1. Field of Invention
The present invention relates generally to the field of cardiac defibrillation and in particular to a method and apparatus for applying to the body of a patient a voltage calculated to induce in that particular patient a desired defibrillation current.
2. Description of the Prior Art
A defibrillator is a device used to administer a high voltage shock pulse through a pair of electrodes, or "paddles," to the chest of a patient in cardiac arrest. A selected, discrete quantity of energy is stored in a capacitor and is then electrically discharged into the patient through the paddle circuit. In prior art devices, the quantity of energy is typically selected on the basis of patient size, weight and condition.
The success achieved with such prior art devices has been variable. While an energy of 150 joules might successfully defibrillate one patient, another ostensibly comparable patient may not respond until the energy level is raised to 360 joules. The risk of damage to the myocardium from large defibrillation shocks dictates that defibrillation should be attempted with the lowest energy practicable. However, delays associated with charging the defibrillator to successively higher energy levels if lower energy pulses fail increase the risk of patient brain damage due to oxygen deprivation.
The differing responses of patients to a given defibrillation pulse is believed attributable, in significant part, to patients' differing transthoracic impedances. Transthoracic impedance is the term given the load resistance presented by a patient at the paddles during defibrillation and determines, inter alia, the fraction of energy stored in the storage capacitor that is actually delivered to the patient. One type of known defibrillator, shown in U.S. Pat. No. 4,328,808, is able to compute the transthoracic impedance of the patient being defibrillated from measured pre- and post-discharge parameters. This information can be used by the operator as an aid in selecting the energy of a second defibrillation pulse if the first pulse proves ineffective.
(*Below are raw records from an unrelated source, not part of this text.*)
lemma consistent_hist_visited_distinct:
  assumes h: "consistent_hist V E set xs"
  shows "distinct xs"
proof -
  have "xs ! i \<noteq> xs ! j" if ij: "i < j" "j < length xs" for i j
  proof -
    obtain j' where j': "j = Suc j'" using less_imp_Suc_add[OF ij(1)] by blast
    have "xs ! i \<in> set (take (Suc j') xs)"
      using ij j' by (auto simp: in_set_conv_nth)
    moreover have "xs ! Suc j' \<notin> set (take (Suc j') xs)"
      using h ij(2) j' by (simp add: consistent_hist_def)
    ultimately show ?thesis using j' by metis
  qed
  then show ?thesis
    unfolding distinct_conv_nth by (metis linorder_neqE_nat)
qed

lemma legal_strategy_visited:
  assumes fin: "finite V" and g: "graph V E"
  shows "legal_strategy V E (card V) set"
  unfolding legal_strategy_def
proof (intro allI impI)
  fix xs assume h: "consistent_hist V E set xs"
  then have ne: "xs \<noteq> []" by (simp add: consistent_hist_def)
  have prev: "prev_cops set xs = set (butlast xs)"
    using ne by (cases xs) (auto simp: prev_cops_def)
  have set_xs: "set xs = insert (last xs) (set (butlast xs))"
    using append_butlast_last_id[OF ne] by (metis Un_insert_right list.set(2) set_append sup_bot.right_neutral empty_set)
  have "card (set (butlast xs)) < card (set xs)"
    using consistent_hist_visited_distinct[OF h] ne by (simp add: distinct_card distinct_butlast)
  also have "\<dots> \<le> card V"
    using card_mono[OF fin consistent_hist_subset[OF g h]] .
  finally show "cop_move (card V) (prev_cops set xs) (last xs) (set xs)"
    using prev set_xs by (simp add: cop_move_def)
qed

lemma thief_caught_by_visited:
  assumes fin: "finite V" and g: "graph V E"
  shows "\<not> thief_escapes V E set"
proof
  assume "thief_escapes V E set"
  then obtain p where p0: "p 0 \<in> V"
    and p: "\<And>i. E (p i) (p (Suc i)) \<and> p (Suc i) \<notin> set (map p [0..<Suc i])"
    unfolding thief_escapes_def by blast
  have "p i \<noteq> p j" if ij: "i < j" for i j
  proof -
    obtain j' where j': "j = Suc j'" using less_imp_Suc_add[OF ij] by blast
    have "p (Suc j') \<notin> p ` {0..<Suc j'}" using p[of j'] by (simp del: upt_Suc)
    moreover have "i \<in> {0..<Suc j'}" using ij j' by simp
    ultimately show ?thesis using j' by (metis image_eqI)
  qed
  then have "inj p" by (metis injI linorder_neqE_nat)
  moreover have "range p \<subseteq> V"
    using p0 p graph_edge_in[OF g] by (auto elim: nat.exhaust)
  ultimately have "finite (UNIV :: nat set)"
    using fin finite_subset finite_imageD by blast
  then show False by simp
qed

lemma cops_win_card:
  assumes "finite V" "graph V E"
  shows "cops_win V E (card V)"
  using legal_strategy_visited[OF assms] thief_caught_by_visited[OF assms]
  unfolding cops_win_def by blast

theorem mainTheorem4:
  fixes V :: "'a set" and E :: "'a \<Rightarrow> 'a \<Rightarrow> bool" and k :: nat
  assumes "k \<ge> 1"
    and "finite V"
    and "graph V E"
    and "k_connected V E k"
    and "entanglement V E = k"
  shows "abstract_molecule V E k"
proof (cases "\<exists>s. molecule_centre V E k s")
  case True
  then show ?thesis
    using abstract_molecule_if_centre[OF assms(3,4,1)] by blast
next
  case False
  txt \<open>cops_win_card makes sure that the LEAST defining the entanglement is attained.\<close>
  have "cops_win V E (entanglement V E)"
    unfolding entanglement_def by (rule LeastI[where P = "cops_win V E", OF cops_win_card[OF assms(2,3)]])
  then obtain \<sigma> where "legal_strategy V E k \<sigma>" "\<not> thief_escapes V E \<sigma>"
    using assms(5) by (auto simp: cops_win_def)
  with thief_escapes_without_centre[OF assms(3,4,1)] False show ?thesis
    by blast
qed

end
In an article by Kerber et al. entitled "Automated Impedance-Based Energy Adjustment for Defibrillation: Experimental Studies," Circulation, Vol. 71, No. 1, pp. 136-140 (1985), there is described an experimental animal defibrillator in which transthoracic impedance is detected in advance of defibrillation by using a low current A.C. sampling signal. The defibrillation energy level selected by the operator is automatically increased, generally by a factor of two, if the detected patient impedance exceeds 70 ohms. Although an improvement over prior systems, the Kerber et al. system still suffers from a number of deficiencies making it poorly suited for clinical application.
Principal among the deficiencies of the Kerber et al. system is its lack of control over current delivered to the patient. Our work has indicated that defibrillation success as a function of current is optimized in humans about a narrow range of current values for a given pulse shape. For a pulse duration of four milliseconds, the optimum current is approximately 30 amperes. Currents only slightly below this value have a much poorer success rate. The magnitude of transthoracic impedance encountered in typical patients, however, ranges from approximately 15 to 150 ohms, a 10 to 1 ratio, rendering the delivery of an optimum current unlikely if the defibrillator can only alter the operator-selected energy to a single other value.
Accordingly, a need exists for a defibrillation method and apparatus that permits selection of a determined defibrillation current for a patient in cardiac arrest, irrespective of the magnitude of that patient's transthoracic impedance.